When Scott pulls into his destination’s parking lot, his car bumps into one of several parking signs. As soon as the car stops moving, its internal diagnostics determine the extent of the damage. His personal assistant instructs him to take three pictures of the front right bumper area and two of the surroundings. By the time Scott gets back to the driver’s seat, the screen on the dash informs him of the damage, confirms the claim has been approved, and reports that a mobile response drone has been dispatched to the lot for inspection. If the vehicle is drivable, it may be directed to the nearest in-network garage for repair after a replacement vehicle arrives.

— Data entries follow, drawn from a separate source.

theorem mainTheorem10:
  fixes \<nu>0 \<nu>1 \<nu>2 e1 e2 e3 :: complex
    and x0 x1 x2 y0 y1 y2 \<xi>0 \<xi>1 \<xi>2 \<eta>0 \<eta>1 \<eta>2 G :: "real \<Rightarrow> complex"
  assumes nonint: "\<nu>2 - \<nu>1 \<notin> \<int>"
    and e1_def: "e1 = \<nu>0 + \<nu>1 + \<nu>2"
    and e2_def: "e2 = \<nu>0 * \<nu>1 + \<nu>0 * \<nu>2 + \<nu>1 * \<nu>2"
    and e3_def: "e3 = \<nu>0 * \<nu>1 * \<nu>2"
    and smooth: "smooth_pos x0" "smooth_pos x1" "smooth_pos x2"
                "smooth_pos y0" "smooth_pos y1" "smooth_pos y2"
                "smooth_pos \<xi>0" "smooth_pos \<xi>1" "smooth_pos \<xi>2"
                "smooth_pos \<eta>0" "smooth_pos \<eta>1" "smooth_pos \<eta>2"
    and sys: "\<And>s. s > 0 \<Longrightarrow>
        of_real s * D x0 s = - \<eta>0 s * x0 s - x1 s \<and>
        of_real s * D x1 s = - \<eta>1 s * x0 s - x2 s \<and>
        of_real s * D x2 s = - \<eta>2 s * x0 s - of_real s * x0 s
                              + \<xi>0 s * x0 s + \<xi>1 s * x1 s + \<xi>2 s * x2 s \<and>
        of_real s * D y2 s = - \<xi>2 s * y2 s + y1 s \<and>
        of_real s * D y1 s = - \<xi>1 s * y2 s + y0 s \<and>
        of_real s * D y0 s = - \<xi>0 s * y2 s + of_real s * y2 s
                              + \<eta>0 s * y0 s + \<eta>1 s * y1 s + \<eta>2 s * y2 s \<and>
        D \<xi>0 s = - x0 s * y0 s \<and>
        D \<xi>1 s = - x0 s * y1 s \<and>
        D \<xi>2 s = - x0 s * y2 s \<and>
        D \<eta>0 s = - x0 s * y2 s \<and>
        D \<eta>1 s = - x1 s * y2 s \<and>
        D \<eta>2 s = - x2 s * y2 s"
    and B_eta: "(\<eta>0 \<longlongrightarrow> 0) (at_right 0)" "(\<eta>1 \<longlongrightarrow> 0) (at_right 0)"
               "(\<eta>2 \<longlongrightarrow> 0) (at_right 0)"
    and B_xi: "(\<xi>0 \<longlongrightarrow> - e3) (at_right 0)" "(\<xi>1 \<longlongrightarrow> e2) (at_right 0)"
              "(\<xi>2 \<longlongrightarrow> - e1) (at_right 0)"
    and B_xy: "\<And>j k. j \<in> {0,1,2::nat} \<Longrightarrow> k \<in> {0,1,2::nat} \<Longrightarrow>
        ((\<lambda>s. ([x0, x1, x2] ! j) s * ([y0, y1, y2] ! k) s) \<longlongrightarrow> 0) (at_right 0) \<and>
        ((\<lambda>s. of_real s * ([x0, x1, x2] ! j) s * ([y0, y1, y2] ! k) s) \<longlongrightarrow> 0) (at_right 0)"
    and eta0'_nz: "\<And>s. s > 0 \<Longrightarrow> D \<eta>0 s \<noteq> 0"
    and y2_nz: "\<And>s. s > 0 \<Longrightarrow> y2 s \<noteq> 0"
    and G_def: "G = (\<lambda>s. x0 s / y2 s)"
  shows "(\<forall>s>0.
      (3 * of_real s * D G s / G s + 2 * e1)\<^sup>2 - 4 * e1\<^sup>2
      = 12 * (\<eta>0 s - e2 - 3 * of_real s * D \<eta>0 s
              - of_real s * (D ^^ 2) \<eta>0 s / D \<eta>0 s)
        - 12 * (of_real s)\<^sup>2 * ((D ^^ 3) \<eta>0 s / D \<eta>0 s
              - 3 / 4 * ((D ^^ 2) \<eta>0 s / D \<eta>0 s)\<^sup>2))
    \<and>
    ((x0 \<sim>[at_right 0] (\<lambda>s. - \<i> * of_real s powr (- \<nu>0)
                           / (Gamma (\<nu>1 - \<nu>0 + 1) * Gamma (\<nu>2 - \<nu>0 + 1))))
     \<and> (y2 \<sim>[at_right 0] (\<lambda>s. \<i> * Gamma (\<nu>2 - \<nu>1) * of_real s powr \<nu>1 / Gamma (\<nu>1 - \<nu>0 + 1)
                           + \<i> * Gamma (\<nu>1 - \<nu>2) * of_real s powr \<nu>2 / Gamma (\<nu>2 - \<nu>0 + 1)))
     \<longrightarrow> ((\<lambda>s. inverse (G s)) \<sim>[at_right 0]
            (\<lambda>s. - Gamma (\<nu>2 - \<nu>1) * Gamma (\<nu>2 - \<nu>0 + 1) * of_real s powr (\<nu>1 + \<nu>0)
                 - Gamma (\<nu>1 - \<nu>2) * Gamma (\<nu>1 - \<nu>0 + 1) * of_real s powr (\<nu>2 + \<nu>0))))"
proof -
  interpret m2_solution x0 x1 x2 y0 y1 y2 \<xi>0 \<xi>1 \<xi>2 \<eta>0 \<eta>1 \<eta>2 e1 e2
    using smooth sys B_eta B_xi B_xy[of 0 0] B_xy[of 1 1] B_xy[of 2 2] B_xy[of 0 2] eta0'_nz y2_nz
    by unfold_locales auto
  have "(\<lambda>s. inverse (G s)) = (\<lambda>s. y2 s / x0 s)"
    by (simp add: G_def)
  moreover have "\<forall>\<^sub>F s in at_right 0. x0 s \<noteq> 0"
    using eventually_at_right_less[of 0] by eventually_elim (rule x0_nonzero)
  ultimately show ?thesis
    using dlog_x0_over_y2_identity quotient_asymp_equiv by (simp add: G_def)
qed
lemma ell2_inner_self:
  assumes "f \<in> ell2"
  shows "ell2_inner f f = of_real (ell2_norm_sq f)"
proof -
  have "((\<lambda>y. of_real ((cmod (f y))\<^sup>2) :: complex) has_sum of_real (ell2_norm_sq f)) UNIV"
    using assms by (intro has_sum_of_real) (simp add: ell2_def ell2_norm_sq_def)
  moreover have "cnj (f y) * f y = of_real ((cmod (f y))\<^sup>2)" for y
    using complex_norm_square[of "f y"] by (simp add: mult.commute)
  ultimately show ?thesis
    unfolding ell2_inner_def by (simp add: infsumI)
qed

lemma ell2_norm_sq_diff:
  assumes f: "f \<in> ell2" and h: "h \<in> ell2"
  shows "(\<lambda>y. f y - h y) \<in> ell2"
    and "ell2_norm_sq (\<lambda>y. f y - h y) = ell2_norm_sq f + ell2_norm_sq h - 2 * Re (ell2_inner h f)"
proof -
  have pointwise: "(cmod (f y - h y))\<^sup>2
      = (cmod (f y))\<^sup>2 + (cmod (h y))\<^sup>2 + (-2) * Re (cnj (h y) * f y)" for y
    by (simp only: cmod_power2) (simp add: power2_eq_square algebra_simps)
  have "((\<lambda>y. (cmod (f y))\<^sup>2) has_sum ell2_norm_sq f) UNIV"
    and "((\<lambda>y. (cmod (h y))\<^sup>2) has_sum ell2_norm_sq h) UNIV"
    using assms by (auto simp: ell2_def ell2_norm_sq_def)
  moreover have "((\<lambda>y. Re (cnj (h y) * f y)) has_sum Re (ell2_inner h f)) UNIV"
    unfolding ell2_inner_def by (intro has_sum_Re has_sum_infsum ell2_inner_summable h f)
  ultimately have "((\<lambda>y. (cmod (f y - h y))\<^sup>2)
      has_sum ell2_norm_sq f + ell2_norm_sq h + (-2) * Re (ell2_inner h f)) UNIV"
    unfolding pointwise by (intro has_sum_add has_sum_cmult_right)
  then show "(\<lambda>y. f y - h y) \<in> ell2"
    and "ell2_norm_sq (\<lambda>y. f y - h y) = ell2_norm_sq f + ell2_norm_sq h - 2 * Re (ell2_inner h f)"
    by (auto simp: ell2_def ell2_norm_sq_def infsumI dest: has_sum_imp_summable)
qed

lemma ell2_inner_average:
  fixes \<mu> :: "'i \<Rightarrow> real" and h :: "'i \<Rightarrow> 'g \<Rightarrow> complex"
  assumes \<mu>_nonneg: "\<And>i. 0 \<le> \<mu> i" and \<mu>_summable: "\<mu> summable_on UNIV"
    and h: "\<And>i. h i \<in> ell2" and h_bounded: "\<And>i. ell2_norm_sq (h i) \<le> N"
    and v: "v \<in> ell2"
  shows "((\<lambda>i. of_real (\<mu> i) * ell2_inner v (h i))
           has_sum ell2_inner v (\<lambda>y. \<Sum>\<^sub>\<infinity>i. of_real (\<mu> i) * h i y)) UNIV"
proof -
  define F where "F i y = of_real (\<mu> i) * (cnj (v y) * h i y)" for i y
  define B where "B = (ell2_norm_sq v + N) / 2"
  have norm_F: "norm (F i y) = \<mu> i * (cmod (v y) * cmod (h i y))" for i y
    unfolding F_def using \<mu>_nonneg[of i] by (simp add: norm_mult)
  have row_bound: "(\<Sum>\<^sub>\<infinity>y. norm (F i y)) \<le> \<mu> i * B" for i
  proof -
    have "(\<Sum>\<^sub>\<infinity>y. cmod (v y) * cmod (h i y)) \<le> B"
      using ell2_cmod_mult_summable(2)[OF v h[of i]] h_bounded[of i] unfolding B_def by force
    then show ?thesis
      unfolding norm_F infsum_cmult_right' using \<mu>_nonneg[of i] by (rule mult_left_mono)
  qed
  have "(\<lambda>y. norm (F i y)) summable_on UNIV" for i
    unfolding norm_F by (simp add: summable_on_cmult_right ell2_cmod_mult_summable(1)[OF v h[of i]])
  moreover have "(\<lambda>i. norm (\<Sum>\<^sub>\<infinity>y. norm (F i y))) summable_on UNIV"
  proof (rule Infinite_Sum.abs_summable_on_comparison_test')
    show "(\<lambda>i. \<mu> i * B) summable_on UNIV" by (intro summable_on_cmult_left \<mu>_summable)
    show "norm (\<Sum>\<^sub>\<infinity>y. norm (F i y)) \<le> \<mu> i * B" for i
      using row_bound[of i] by (simp add: infsum_nonneg)
  qed
  ultimately have "(\<lambda>p. norm (F (fst p) (snd p))) summable_on UNIV \<times> UNIV"
    using Infinite_Sum.abs_summable_on_Sigma_iff[where f="\<lambda>p. F (fst p) (snd p)" and A=UNIV and B="\<lambda>_. UNIV"]
    by simp
  then have F_summable: "(\<lambda>(i, y). F i y) summable_on UNIV \<times> UNIV"
    by (simp add: case_prod_unfold abs_summable_summable)
  have rows: "(\<Sum>\<^sub>\<infinity>y. F i y) = of_real (\<mu> i) * ell2_inner v (h i)" for i
    unfolding F_def ell2_inner_def by (rule infsum_cmult_right')
  have columns: "(\<Sum>\<^sub>\<infinity>i. F i y) = cnj (v y) * (\<Sum>\<^sub>\<infinity>i. of_real (\<mu> i) * h i y)" for y
    unfolding F_def by (simp add: infsum_cmult_right'[symmetric] algebra_simps)
  have "((\<lambda>i. \<Sum>\<^sub>\<infinity>y. F i y) has_sum (\<Sum>\<^sub>\<infinity>i. \<Sum>\<^sub>\<infinity>y. F i y)) UNIV"
    using summable_on_Sigma_banach[OF F_summable] by simp
  also have "(\<Sum>\<^sub>\<infinity>i. \<Sum>\<^sub>\<infinity>y. F i y) = (\<Sum>\<^sub>\<infinity>y. \<Sum>\<^sub>\<infinity>i. F i y)"
    by (rule infsum_swap_banach[OF F_summable])
  finally show ?thesis
    unfolding rows columns ell2_inner_def .
qed

lemma ell2_average_extreme:
  fixes \<mu> :: "'i \<Rightarrow> real" and h :: "'i \<Rightarrow> 'g \<Rightarrow> complex"
  assumes \<mu>_nonneg: "\<And>i. 0 \<le> \<mu> i" and \<mu>_sum: "(\<mu> has_sum 1) UNIV"
    and h: "\<And>i. h i \<in> ell2" and h_bounded: "\<And>i. ell2_norm_sq (h i) \<le> ell2_norm_sq v"
    and v: "v \<in> ell2" and average: "\<And>y. (\<Sum>\<^sub>\<infinity>i. of_real (\<mu> i) * h i y) = v y"
    and "\<mu> j \<noteq> 0"
  shows "h j = v"
proof -
  define N where "N = ell2_norm_sq v"
  \<comment> \<open>\<open>\<mu>(i) \<parallel>h i - v\<parallel>\<^sup>2 \<le> D i\<close>, and \<open>\<Sum>\<^sub>i D i = 2N - 2 Re \<langle>v, \<Sum>\<^sub>i \<mu>(i) h i\<rangle> = 0\<close>.\<close>
  define D where "D i = \<mu> i * (2 * N) + (-2) * (\<mu> i * Re (ell2_inner v (h i)))" for i
  have "((\<lambda>i. of_real (\<mu> i) * ell2_inner v (h i)) has_sum of_real N) UNIV"
    using ell2_inner_average[where h=h, OF \<mu>_nonneg has_sum_imp_summable[OF \<mu>_sum] h h_bounded v]
    unfolding average N_def ell2_inner_self[OF v] by simp
  then have "((\<lambda>i. \<mu> i * Re (ell2_inner v (h i))) has_sum N) UNIV"
    using has_sum_Re by fastforce
  then have "(D has_sum 1 * (2 * N) + (-2) * N) UNIV"
    unfolding D_def by (intro has_sum_add has_sum_cmult_left has_sum_cmult_right \<mu>_sum)
  then have D_sum: "(D has_sum 0) UNIV" by simp
  have dist_bound: "0 \<le> \<mu> i * ell2_norm_sq (\<lambda>y. h i y - v y) \<and> \<mu> i * ell2_norm_sq (\<lambda>y. h i y - v y) \<le> D i"
    for i
  proof
    show "0 \<le> \<mu> i * ell2_norm_sq (\<lambda>y. h i y - v y)"
      by (intro mult_nonneg_nonneg \<mu>_nonneg ell2_norm_sq_nonneg)
    have "\<mu> i * ell2_norm_sq (\<lambda>y. h i y - v y) \<le> \<mu> i * (2 * N - 2 * Re (ell2_inner v (h i)))"
      using ell2_norm_sq_diff(2)[OF h v, of i] h_bounded[of i] unfolding N_def
      by (intro mult_left_mono \<mu>_nonneg) simp
    then show "\<mu> i * ell2_norm_sq (\<lambda>y. h i y - v y) \<le> D i"
      unfolding D_def by (simp add: algebra_simps)
  qed
  have "D j = 0"
    by (rule nonneg_has_sum_le_0D[OF D_sum]) (use dist_bound order_trans in auto)
  moreover have "0 < \<mu> j"
    using \<mu>_nonneg[of j] \<open>\<mu> j \<noteq> 0\<close> by simp
  ultimately have "ell2_norm_sq (\<lambda>y. h j y - v y) = 0"
    using dist_bound[of j] by (simp add: zero_le_mult_iff mult_le_0_iff)
  then show ?thesis
    using ell2_norm_sq_eq_0D[OF ell2_norm_sq_diff(1)[OF h v]] by (simp add: fun_eq_iff)
qed

lemma ell2_norm_sq_left_inverse_adjoint:
  assumes "bounded_op V" and "is_adjoint V W" and "\<forall>f\<in>ell2. W (V f) = f" and f: "f \<in> ell2"
  shows "ell2_norm_sq (V f) = ell2_norm_sq f"
proof -
  have Vf: "V f \<in> ell2" using assms(1) f by (rule bounded_op_ell2)
  have "ell2_inner (V f) (V f) = ell2_inner f (W (V f))"
    using assms(2) f Vf unfolding is_adjoint_def by blast
  also have "\<dots> = ell2_inner f f" using assms(3) f by simp
  finally show ?thesis by (simp add: ell2_inner_self f Vf)
qed

definition rho_anticommuting :: "('g::group_add \<Rightarrow> real) \<Rightarrow> 'g ell2_op \<Rightarrow> bool" where
  "rho_anticommuting \<mu> S \<longleftrightarrow>
     (\<forall>g f. \<mu> g \<noteq> 0 \<longrightarrow> f \<in> ell2 \<longrightarrow> S (rho_adj g f) = (\<lambda>y. - rho_adj g (S f) y))"

lemma markov_op_neg_fixed_unitary_anticommuting:
  fixes \<mu> :: "'g::group_add \<Rightarrow> real"
  assumes \<mu>: "prob_measure \<mu>" and "unitary_op V" and V_neg: "markov_op \<mu> V = (\<lambda>f y. - V f y)"
  shows "rho_anticommuting \<mu> V"
  unfolding rho_anticommuting_def
proof (intro allI impI)
  fix g and f :: "'g \<Rightarrow> complex" assume "\<mu> g \<noteq> 0" and f: "f \<in> ell2"
  obtain W where bV: "bounded_op V" and adj: "is_adjoint V W" and inv: "\<forall>f\<in>ell2. W (V f) = f"
    using \<open>unitary_op V\<close> unfolding unitary_op_def by blast
  note norm_V = ell2_norm_sq_left_inverse_adjoint[OF bV adj inv]
  define h where "h i = rho i (V (rho_adj i f))" for i
  have h: "h i \<in> ell2" for i
    unfolding h_def by (intro rho_ell2 bounded_op_ell2[OF bV] rho_adj_ell2 f)
  have "ell2_norm_sq (h i) = ell2_norm_sq (\<lambda>y. - V f y)" for i
    unfolding h_def using f
    by (simp add: ell2_norm_sq_rho bounded_op_ell2[OF bV] rho_adj_ell2 norm_V ell2_norm_sq_rho_adj)
  moreover have "(\<Sum>\<^sub>\<infinity>i. of_real (\<mu> i) * h i y) = - V f y" for y
    using fun_cong[OF fun_cong[OF V_neg, of f], of y] f unfolding markov_op_def h_def by simp
  ultimately have "h g = (\<lambda>y. - V f y)"
    using \<mu> \<open>\<mu> g \<noteq> 0\<close> h bounded_op_ell2[OF bV f]
    by (intro ell2_average_extreme[where \<mu>=\<mu>]) (auto simp: prob_measure_def)
  then have "rho_adj g (h g) = rho_adj g (\<lambda>y. - V f y)" by simp
  then show "V (rho_adj g f) = (\<lambda>y. - rho_adj g (V f) y)"
    unfolding h_def using f
    by (simp add: rho_adj_rho bounded_op_ell2[OF bV] rho_adj_ell2 rho_adj_uminus)
qed

lemma rho_anticommuting_inverse:
  fixes \<mu> :: "'g::group_add \<Rightarrow> real"
  assumes "rho_anticommuting \<mu> V" and "bounded_op W" and inv: "\<forall>f\<in>ell2. W (V f) = f \<and> V (W f) = f"
  shows "rho_anticommuting \<mu> W"
  unfolding rho_anticommuting_def
proof (intro allI impI)
  fix g and f :: "'g \<Rightarrow> complex" assume "\<mu> g \<noteq> 0" and f: "f \<in> ell2"
  have Wf: "W f \<in> ell2" using \<open>bounded_op W\<close> f by (rule bounded_op_ell2)
  have "V (rho_adj g (W f)) = (\<lambda>y. - rho_adj g f y)"
    using assms(1) \<open>\<mu> g \<noteq> 0\<close> Wf inv f unfolding rho_anticommuting_def by simp
  then have "rho_adj g (W f) = W (\<lambda>y. - rho_adj g f y)"
    using inv rho_adj_ell2[OF Wf] by metis
  then show "W (rho_adj g f) = (\<lambda>y. - rho_adj g (W f) y)"
    by (simp add: bounded_op_uminus[OF \<open>bounded_op W\<close>])
qed

lemma markov_op_comp_rho_anticommuting:
  fixes \<mu> :: "'g::group_add \<Rightarrow> real"
  assumes "rho_anticommuting \<mu> S" and S: "bounded_op S" and T: "bounded_op T"
  shows "markov_op \<mu> (T \<circ> S) = (\<lambda>f y. - markov_op \<mu> T (S f) y)"
proof (intro ext)
  fix f y
  show "markov_op \<mu> (T \<circ> S) f y = - markov_op \<mu> T (S f) y"
  proof (cases "f \<in> ell2")
    case True
    have "of_real (\<mu> g) * rho g (T (S (rho_adj g f))) y
        = - (of_real (\<mu> g) * rho g (T (rho_adj g (S f))) y)" for g
      using assms(1) True
      by (cases "\<mu> g = 0")
        (simp_all add: rho_anticommuting_def bounded_op_uminus[OF T] rho_uminus)
    then show ?thesis
      using True bounded_op_ell2[OF S True]
      by (simp add: markov_op_def infsum_uminus[symmetric])
  next
    case False
    then show ?thesis
      by (simp add: markov_op_def bounded_op_outside[OF S] bounded_op_zero[OF T])
  qed
qed

theorem proposition3p5:
  fixes \<mu> :: "'g::{group_add, countable} \<Rightarrow> real"
    and V :: "('g \<Rightarrow> complex) \<Rightarrow> ('g \<Rightarrow> complex)"
  assumes "prob_measure \<mu>" and "symmetric_measure \<mu>" and "generating_measure \<mu>"
    and "unitary_op V"
    and "markov_op \<mu> V = (\<lambda>f y. - V f y)"
  shows "{T. bounded_op T \<and> markov_op \<mu> T = (\<lambda>f y. - T f y)}
       = {A \<circ> V | A. bounded_op A \<and> markov_op \<mu> A = A}"
proof -
  obtain W where V: "bounded_op V" and W: "bounded_op W"
    and inv: "\<forall>f\<in>ell2. W (V f) = f \<and> V (W f) = f"
    using \<open>unitary_op V\<close> unfolding unitary_op_def by blast
  have V_anti: "rho_anticommuting \<mu> V"
    using assms(1,4,5) by (rule markov_op_neg_fixed_unitary_anticommuting)
  then have W_anti: "rho_anticommuting \<mu> W"
    using W inv by (rule rho_anticommuting_inverse)
  show ?thesis
  proof (intro equalityI subsetI)
    fix T assume "T \<in> {T. bounded_op T \<and> markov_op \<mu> T = (\<lambda>f y. - T f y)}"
    then have T: "bounded_op T" and T_neg: "markov_op \<mu> T = (\<lambda>f y. - T f y)" by auto
    have "T = (T \<circ> W) \<circ> V"
      using inv bounded_op_outside[OF T] bounded_op_outside[OF V] bounded_op_zero[OF W]
        bounded_op_zero[OF T]
      by (intro ext) (metis comp_apply)
    moreover have "markov_op \<mu> (T \<circ> W) = T \<circ> W"
      using markov_op_comp_rho_anticommuting[OF W_anti W T] T_neg by (simp add: fun_eq_iff)
    ultimately show "T \<in> {A \<circ> V | A. bounded_op A \<and> markov_op \<mu> A = A}"
      using bounded_op_comp[OF T W] by blast
  next
    fix T assume "T \<in> {A \<circ> V | A. bounded_op A \<and> markov_op \<mu> A = A}"
    then obtain A where "T = A \<circ> V" and A: "bounded_op A" and A_fixed: "markov_op \<mu> A = A"
      by auto
    then show "T \<in> {T. bounded_op T \<and> markov_op \<mu> T = (\<lambda>f y. - T f y)}"
      using bounded_op_comp[OF A V] markov_op_comp_rho_anticommuting[OF V_anti V A] by simp
  qed
qed

end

While this scenario may seem beyond the horizon, such integrated user stories will emerge across all lines of insurance with increasing frequency over the next decade. In fact, all the technologies required above already exist, and many are available to consumers. With the new wave of deep learning techniques, such as convolutional neural networks,1 artificial intelligence (AI) has the potential to live up to its promise of mimicking the perception, reasoning, learning, and problem solving of the human mind (Exhibit 1). In this evolution, insurance will shift from its current state of “detect and repair” to “predict and prevent,” transforming every aspect of the industry in the process. The pace of change will also accelerate as brokers, consumers, financial intermediaries, insurers, and suppliers become more adept at using advanced technologies to enhance decision making and productivity, lower costs, and optimize the customer experience.
As AI becomes more deeply integrated in the industry, carriers must position themselves to respond to the changing business landscape. Insurance executives must understand the factors that will contribute to this change and how AI will reshape claims, distribution, and underwriting and pricing. With this understanding, they can start to build the skills and talent, embrace the emerging technologies, and create the culture and perspective needed to be successful players in the insurance industry of the future.
Four AI-related trends shaping insurance
AI’s underlying technologies are already being deployed in our businesses, homes, and vehicles, as well as on our person. The disruption from COVID-19 changed the timelines for the adoption of AI by significantly accelerating digitization for insurers. Virtually overnight, organizations had to adjust to accommodate remote workforces, expand their digital capabilities to support distribution, and upgrade their online channels. While most organizations likely didn't invest heavily in AI during the pandemic, the increased emphasis on digital technologies and a greater willingness to embrace change will put them in a better position to incorporate AI into their operations.
Four core technology trends, tightly coupled with (and sometimes enabled by) AI, will reshape the insurance industry over the next decade.
Explosion of data from connected devices
In industrial settings, equipment with sensors have been omnipresent for some time, but the coming years will see a huge increase in the number of connected consumer devices. The penetration of existing devices (such as cars, fitness trackers, home assistants, smartphones, and smart watches) will continue to increase rapidly, joined by new, growing categories such as clothing, eyewear, home appliances, medical devices, and shoes. Experts estimate there will be up to one trillion connected devices by 2025.2 The resulting avalanche of new data created by these devices will allow carriers to understand their clients more deeply, resulting in new product categories, more personalized pricing, and increasingly real-time service delivery.
Experts estimate there will be up to one trillion connected devices by 2025.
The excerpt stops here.